• [TASK DATA]
>>>>

definition polygonal_sums :: "(real \<Rightarrow> complex) \<Rightarrow> real \<Rightarrow> real \<Rightarrow> real set" where
  "polygonal_sums g a b =
     {\<Sum>i<n. cmod (g (p (Suc i)) - g (p i)) | p n.
        p 0 = a \<and> p n = b \<and> (\<forall>i<n. p i \<le> p (Suc i))}"

definition rectifiable_path :: "(real \<Rightarrow> complex) \<Rightarrow> bool" where
  "rectifiable_path g \<longleftrightarrow> path g \<and> bdd_above (polygonal_sums g 0 1)"

definition arclen :: "(real \<Rightarrow> complex) \<Rightarrow> real \<Rightarrow> real" where
  "arclen g u = (if u \<le> 0 then 0 else Sup (polygonal_sums g 0 (min u 1)))"

text \<open>Arc-length measure on the curve, as push-forward of the Lebesgue-Stieltjes measure of arclen.\<close>
definition arc_measure :: "(real \<Rightarrow> complex) \<Rightarrow> complex set \<Rightarrow> ennreal" where
  "arc_measure g A = emeasure (interval_measure (arclen g)) {u \<in> {0..1}. g u \<in> A}"

definition carleson_curve :: "(real \<Rightarrow> complex) \<Rightarrow> bool" where
  "carleson_curve g \<longleftrightarrow> simple_path g \<and> rectifiable_path g \<and>
     (\<exists>C::real. \<forall>t\<in>path_image g. \<forall>\<epsilon>>0.
        arc_measure g {\<tau> \<in> path_image g. cmod (\<tau> - t) < \<epsilon>} \<le> ennreal (C * \<epsilon>))"

definition dmax :: "complex set \<Rightarrow> complex \<Rightarrow> real" where
  "dmax \<Gamma> t0 = Sup ((\<lambda>\<tau>. cmod (\<tau> - t0)) ` \<Gamma>)"

definition omega_arc :: "complex set \<Rightarrow> complex \<Rightarrow> real \<Rightarrow> complex set" where
  "omega_arc \<Gamma> t0 \<delta> = connected_component_set {\<tau> \<in> \<Gamma>. cmod (\<tau> - t0) < \<delta>} t0"

definition circ_pts :: "complex set \<Rightarrow> complex \<Rightarrow> real \<Rightarrow> complex set" where
  "circ_pts \<Gamma> t0 r = {\<tau> \<in> \<Gamma>. cmod (\<tau> - t0) = r}"

definition Wfun :: "complex set \<Rightarrow> complex \<Rightarrow> (complex \<Rightarrow> real) \<Rightarrow> real \<Rightarrow> ereal" where
  "Wfun \<Gamma> t0 \<psi> x =
     (if x \<le> 1 then
        (SUP R\<in>{0<..dmax \<Gamma> t0}.
           ereal (Sup (\<psi> ` circ_pts \<Gamma> t0 (x * R)) / Inf (\<psi> ` circ_pts \<Gamma> t0 R)))
      else
        (SUP R\<in>{0<..dmax \<Gamma> t0}.
           ereal (Sup (\<psi> ` circ_pts \<Gamma> t0 R) / Inf (\<psi> ` circ_pts \<Gamma> t0 (R / x)))))"

definition regular_fun :: "(real \<Rightarrow> ereal) \<Rightarrow> bool" where
  "regular_fun \<rho> \<longleftrightarrow> (\<exists>\<eta>>0. \<exists>M::real. \<forall>x. 0 < x \<and> \<bar>x - 1\<bar> < \<eta> \<longrightarrow> \<rho> x \<le> ereal M)"

text \<open>Indices; log oo is taken as oo (irrelevant for regular submultiplicative functions, which are finite).\<close>
definition alpha_idx :: "(real \<Rightarrow> ereal) \<Rightarrow> ereal" where
  "alpha_idx \<rho> = (SUP x\<in>{0<..<1}.
     (if \<rho> x = \<infinity> then -\<infinity> else ereal (ln (real_of_ereal (\<rho> x)) / ln x)))"

definition beta_idx :: "(real \<Rightarrow> ereal) \<Rightarrow> ereal" where
  "beta_idx \<rho> = (INF x\<in>{1<..}.
     (if \<rho> x = \<infinity> then \<infinity> else ereal (ln (real_of_ereal (\<rho> x)) / ln x)))"
section \<open>Symmetry and moments of a coordinate\<close>

lemma nn_integral_walk_pos_uminus:
  fixes f :: "int^'d::finite \<Rightarrow> ennreal"
  shows "(\<integral>\<^sup>+\<omega>. f (- walk_pos t \<omega>) \<partial>walk_space) = (\<integral>\<^sup>+\<omega>. f (walk_pos t \<omega>) \<partial>walk_space)"
proof (induction t arbitrary: f)
  case (Suc t)
  have "(\<integral>\<^sup>+\<omega>. f (- walk_pos (Suc t) \<omega>) \<partial>walk_space)
      = (\<integral>\<^sup>+z. \<integral>\<^sup>+\<omega>. f (- z + - walk_pos t \<omega>) \<partial>walk_space \<partial>measure_pmf lazy_step)"
    using nn_integral_walk_pos_Suc[of "\<lambda>v. f (- v)" t] by simp
  also have "\<dots> = (\<integral>\<^sup>+z. \<integral>\<^sup>+\<omega>. f (- z + walk_pos t \<omega>) \<partial>walk_space \<partial>measure_pmf lazy_step)"
    using Suc.IH[of "\<lambda>v. f (_ + v)"] by simp
  also have "\<dots> = (\<integral>\<^sup>+z. \<integral>\<^sup>+\<omega>. f (z + walk_pos t \<omega>) \<partial>walk_space \<partial>measure_pmf lazy_step)"
    by (rule nn_integral_lazy_step_uminus)
  finally show ?case
    by (simp only: nn_integral_walk_pos_Suc)
qed simp

lemma emeasure_walk_pos_uminus:
  "emeasure walk_space {\<omega>. P (- walk_pos t \<omega>)}
    = emeasure (walk_space :: (int^'d::finite) stream measure) {\<omega>. P (walk_pos t \<omega>)}"
proof -
  have indicator: "emeasure walk_space {\<omega>. P (g (walk_pos t \<omega>))}
      = (\<integral>\<^sup>+\<omega>. indicator {v. P v} (g (walk_pos t \<omega>)) \<partial>(walk_space :: (int^'d) stream measure))" for g
    by (subst nn_integral_indicator[symmetric])
      (auto intro: sets_walk_space_Collect intro!: nn_integral_cong simp: indicator_def)
  show ?thesis
    using indicator[of uminus] indicator[of id] nn_integral_walk_pos_uminus[of "indicator {v. P v}" t]
    by simp
qed

lemma nn_integral_walk_component_square:
  fixes i :: "'d::finite"
  shows "(\<integral>\<^sup>+\<omega>. ennreal ((a + real_of_int (walk_pos t \<omega> $ i))\<^sup>2) \<partial>walk_space)
    = ennreal (a\<^sup>2 + real t / (2 * CARD('d)))"
proof (induction t arbitrary: a)
  case (Suc t)
  have "(\<integral>\<^sup>+\<omega>. ennreal ((a + real_of_int (walk_pos (Suc t) \<omega> $ i))\<^sup>2) \<partial>walk_space)
      = (\<integral>\<^sup>+z. ennreal ((a + real_of_int (z $ i))\<^sup>2 + real t / (2 * CARD('d))) \<partial>measure_pmf lazy_step)"
    by (subst nn_integral_walk_pos_Suc) (simp add: add.assoc Suc.IH[of "a + _", simplified add.assoc])
  also have "\<dots> = ennreal (a\<^sup>2 + real (Suc t) / (2 * CARD('d)))"
    by (subst nn_integral_lazy_step_component)
      (simp, rule arg_cong[where f = ennreal], simp add: field_simps power2_eq_square)
  finally show ?case .
qed simp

<<<<

• [THE PROBLEM]
What lines in the material mention "subst"? Copy every one of them.

• [RESULT OF THE EXERCISE]
    by (subst nn_integral_indicator[symmetric])
    by (subst nn_integral_walk_pos_Suc) (simp add: add.assoc Suc.IH[of "a + _", simplified add.assoc])
    by (subst nn_integral_lazy_step_component)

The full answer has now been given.